Issa Qassim est connu sous le surnom d'« Abu Sami ». Il est considéré comme la première figure — religieuse et politique — des chiites de Bahreïn. Le critiquer ou lui désobéir est interdit à tout chiite, une politique enveloppée dans un voile religieux (et la religion, comme on dit, est l'opium du peuple).

Puisque les sites web chiites sur internet utilisent la liberté d'expression — respectueuse et irrespectueuse — pour insulter nos symboles religieux et politiques, j'ai le droit, ainsi que d'autres, d'utiliser cette même liberté d'expression à leur égard, tout en maintenant le respect qui reflète notre propre morale et notre éducation. La critique respectueuse est douloureuse précisément parce qu'elle est vraie.

Vers 2006, Issa Qassim a déclaré :
*« Les gens resteront divisés entre le camp de Hussein (paix soit sur lui) et le camp de Yazid — choisissez donc votre camp. »*

C'était un appel éhonté à sectariser le peuple de Bahreïn, le forçant à choisir entre le camp chiite ou l'autre — sans troisième option : soit avec nous, soit contre nous.

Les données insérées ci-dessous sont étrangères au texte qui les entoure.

lemma causal_path_shortcut:
  assumes cp: "causal_path E \<phi> xs" and ij: "i < j" "j < length xs" "xs!i = xs!j"
  shows "causal_path E \<phi> (take i xs @ drop j xs)"
proof -
  define ys where "ys = take i xs @ drop j xs"
  define d where "d = j - i"
  have len: "length ys = i + (length xs - j)" using ij by (simp add: ys_def)
  have nth: "ys ! k = (if k < i then xs!k else xs!(k+d))" if "k < length ys" for k
    using that ij by (auto simp: ys_def nth_append d_def min_def add.commute)
  have al: "\<forall>k<length xs. alive_through \<phi> (xs ! k) k"
   and ed: "\<And>k. Suc k < length xs \<Longrightarrow> E (xs ! k) (xs ! Suc k) \<and>
        (\<forall>F f. \<phi> (xs ! k) = Some (F, f) \<and> f = Suc k \<longrightarrow> xs ! Suc k \<notin> F)"
    using cp by (auto simp: causal_path_def)
  have "\<forall>k<length ys. alive_through \<phi> (ys ! k) k"
  proof (intro allI impI)
    fix k assume k: "k < length ys"
    show "alive_through \<phi> (ys ! k) k"
    proof (cases "k < i")
      case True then show ?thesis using nth[OF k] al k len ij by auto
    next
      case False
      have "k + d < length xs" using k len False ij by (simp add: d_def)
      then show ?thesis using nth[OF k] al False alive_through_mono[of \<phi> "xs!(k+d)" "k+d" k] by auto
    qed
  qed
  moreover have "E (ys ! k) (ys ! Suc k) \<and>
        (\<forall>F f. \<phi> (ys ! k) = Some (F, f) \<and> f = Suc k \<longrightarrow> ys ! Suc k \<notin> F)"
    if k: "Suc k < length ys" for k
  proof -
    have k': "k < length ys" using k by simp
    consider "Suc k < i" | "Suc k = i" | "i \<le> k" by linarith
    then show ?thesis
    proof cases
      case 1
      then show ?thesis using nth[OF k] nth[OF k'] ed[of k] ij by auto
    next
      case 2
      have "ys ! Suc k = xs ! Suc k" using nth[OF k] 2 ij by (simp add: d_def)
      then show ?thesis using nth[OF k'] 2 ed[of k] ij by auto
    next
      case 3
      have lt: "Suc (k + d) < length xs" using k len 3 ij by (simp add: d_def)
      have ys_k: "ys ! k = xs ! (k+d)" "ys ! Suc k = xs ! Suc (k+d)"
        using nth[OF k] nth[OF k'] 3 by auto
      \<comment> \<open>\<open>ys ! k\<close> crashes no earlier than round \<open>k + d + 1 > k + 1\<close>\<close>
      have "alive_through \<phi> (ys ! k) (k+d)" using al lt ys_k by auto
      then have "\<forall>F f. \<phi> (ys ! k) = Some (F, f) \<longrightarrow> f \<noteq> Suc k"
        using ij by (auto simp: alive_through_def d_def)
      then show ?thesis using ys_k ed[OF lt] by auto
    qed
  qed
  moreover have "ys \<noteq> []" using len ij by auto
  ultimately show ?thesis unfolding ys_def[symmetric] causal_path_def by blast
qed
(* Let $F=\{f_i\}_{i=1}^N$ be a frame for $\mathcal H$. If $(F,S_F^{-1}F)\in\mathcal N^{(1)}$, then $\{S_F^{-1/2}f_i\}_{i=1}^N$ is an equal norm Parseval frame. In addition, if $G$ is any dual of $F$ with $(F,G)\in\mathcal N^{(1)}$, then $G=S_F^{-1}F$.
   Context: $\mathcal H$ is a complex Hilbert space of finite dimension $n$, inner product linear in the first argument, $N\ge n$. A finite sequence $F=\{f_i\}_{i=1}^N$ is a frame if there are $0<A\le B$ with $A\|f\|^2\le\sum_i|\langle f,f_i\rangle|^2\le B\|f\|^2$ for all $f$; Parseval if $\sum_i|\langle f,f_i\rangle|^2=\|f\|^2$ for all $f$; equal norm if $\|f_i\|$ is constant. $S_Ff=\sum_i\langle f,f_i\rangle f_i$ is the (positive invertible) frame operator, $S_F^{-1/2}$ its inverse positive square root, $S_F^{-1}F=\{S_F^{-1}f_i\}$ the canonical dual. $G=\{g_i\}_{i=1}^N$ is a dual of $F$ if $f=\sum_i\langle f,g_i\rangle f_i$ for all $f$; $(F,G)$ is then an $(N,n)$ dual pair. $E_{\Lambda,F,G}f=\sum_{i\in\Lambda}\langle f,f_i\rangle g_i$. The numerical radius is $\omega(T)=\sup\{|\langle Tf,f\rangle|:\|f\|=1\}$; $\eta^{(1)}_{F,G}=\max_{1\le i\le N}\omega(E_{\{i\},F,G})$; $\eta^{(1)}=\inf\{\eta^{(1)}_{F,G}:(F,G)\text{ an }(N,n)\text{ dual pair}\}$; $\mathcal N^{(1)}=\{(F,G):\eta^{(1)}_{F,G}=\eta^{(1)}\}$. *)

theory Defs
  imports "HOL-Analysis.Analysis"
begin

text \<open>The n-dimensional complex Hilbert space is modelled as complex^'n with n = CARD('n);
  inner product linear in the first argument. Frames are indexed by {..<N} (0-based).\<close>

definition cinner :: "complex^'n \<Rightarrow> complex^'n \<Rightarrow> complex" where
  "cinner x y = (\<Sum>j\<in>UNIV. x $ j * cnj (y $ j))"

definition is_frame :: "nat \<Rightarrow> (nat \<Rightarrow> complex^'n) \<Rightarrow> bool" where
  "is_frame N F \<longleftrightarrow> (\<exists>A B. 0 < A \<and> A \<le> B \<and>
     (\<forall>f. A * (norm f)^2 \<le> (\<Sum>i<N. (cmod (cinner f (F i)))^2) \<and>
          (\<Sum>i<N. (cmod (cinner f (F i)))^2) \<le> B * (norm f)^2))"

definition is_parseval :: "nat \<Rightarrow> (nat \<Rightarrow> complex^'n) \<Rightarrow> bool" where
  "is_parseval N F \<longleftrightarrow> (\<forall>f. (\<Sum>i<N. (cmod (cinner f (F i)))^2) = (norm f)^2)"

definition is_equal_norm :: "nat \<Rightarrow> (nat \<Rightarrow> complex^'n) \<Rightarrow> bool" where
  "is_equal_norm N F \<longleftrightarrow> (\<forall>i<N. \<forall>j<N. norm (F i) = norm (F j))"

definition frame_op :: "nat \<Rightarrow> (nat \<Rightarrow> complex^'n) \<Rightarrow> complex^'n \<Rightarrow> complex^'n" where
  "frame_op N F f = (\<Sum>i<N. cinner f (F i) *s F i)"

definition frame_op_inv :: "nat \<Rightarrow> (nat \<Rightarrow> complex^'n) \<Rightarrow> complex^'n \<Rightarrow> complex^'n" where
  "frame_op_inv N F = inv (frame_op N F)"

definition clinear_op :: "(complex^'n \<Rightarrow> complex^'n) \<Rightarrow> bool" where
  "clinear_op T \<longleftrightarrow> (\<forall>x y. T (x + y) = T x + T y) \<and> (\<forall>c x. T (c *s x) = c *s T x)"

definition positive_op :: "(complex^'n \<Rightarrow> complex^'n) \<Rightarrow> bool" where
  "positive_op T \<longleftrightarrow> clinear_op T \<and> (\<forall>x. Im (cinner (T x) x) = 0 \<and> 0 \<le> Re (cinner (T x) x))"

De nombreux partisans se sont ralliés derrière lui, n'osant pas le critiquer ni l'avertir que ce qu'il prônait était une « discorde sectaire » aux conséquences dévastatrices pour la nation et son peuple. De l'autre côté, d'autres n'ont prêté aucune attention à son appel, et il n'a jamais été tenu responsable — ni légalement ni religieusement. On lui a laissé la corde libre, soit par peur, soit par indifférence à ce qu'il prêchait.

Je crois qu'il est devenu évident pour tous que celui qui a commencé à sectariser Bahreïn était Issa Qassim — et non, comme nous l'entendons dans ses sermons enflammés, l'État avec sa longue main pour attiser la discorde sectaire.

Nous rappelons également qu'Issa Qassim a incité ses partisans par des sermons inflammatoires contre la naturalisation et les citoyens naturalisés (sunnites) du Yémen et de Syrie spécifiquement, tout en interdisant toute discussion sur ceux naturalisés d'Iran et d'Irak (chiites). Ce faisant, il a prouvé son hideux sectarisme à son propre camp, refusant d'assimiler les sunnites naturalisés à lui-même — un ancien citoyen naturalisé.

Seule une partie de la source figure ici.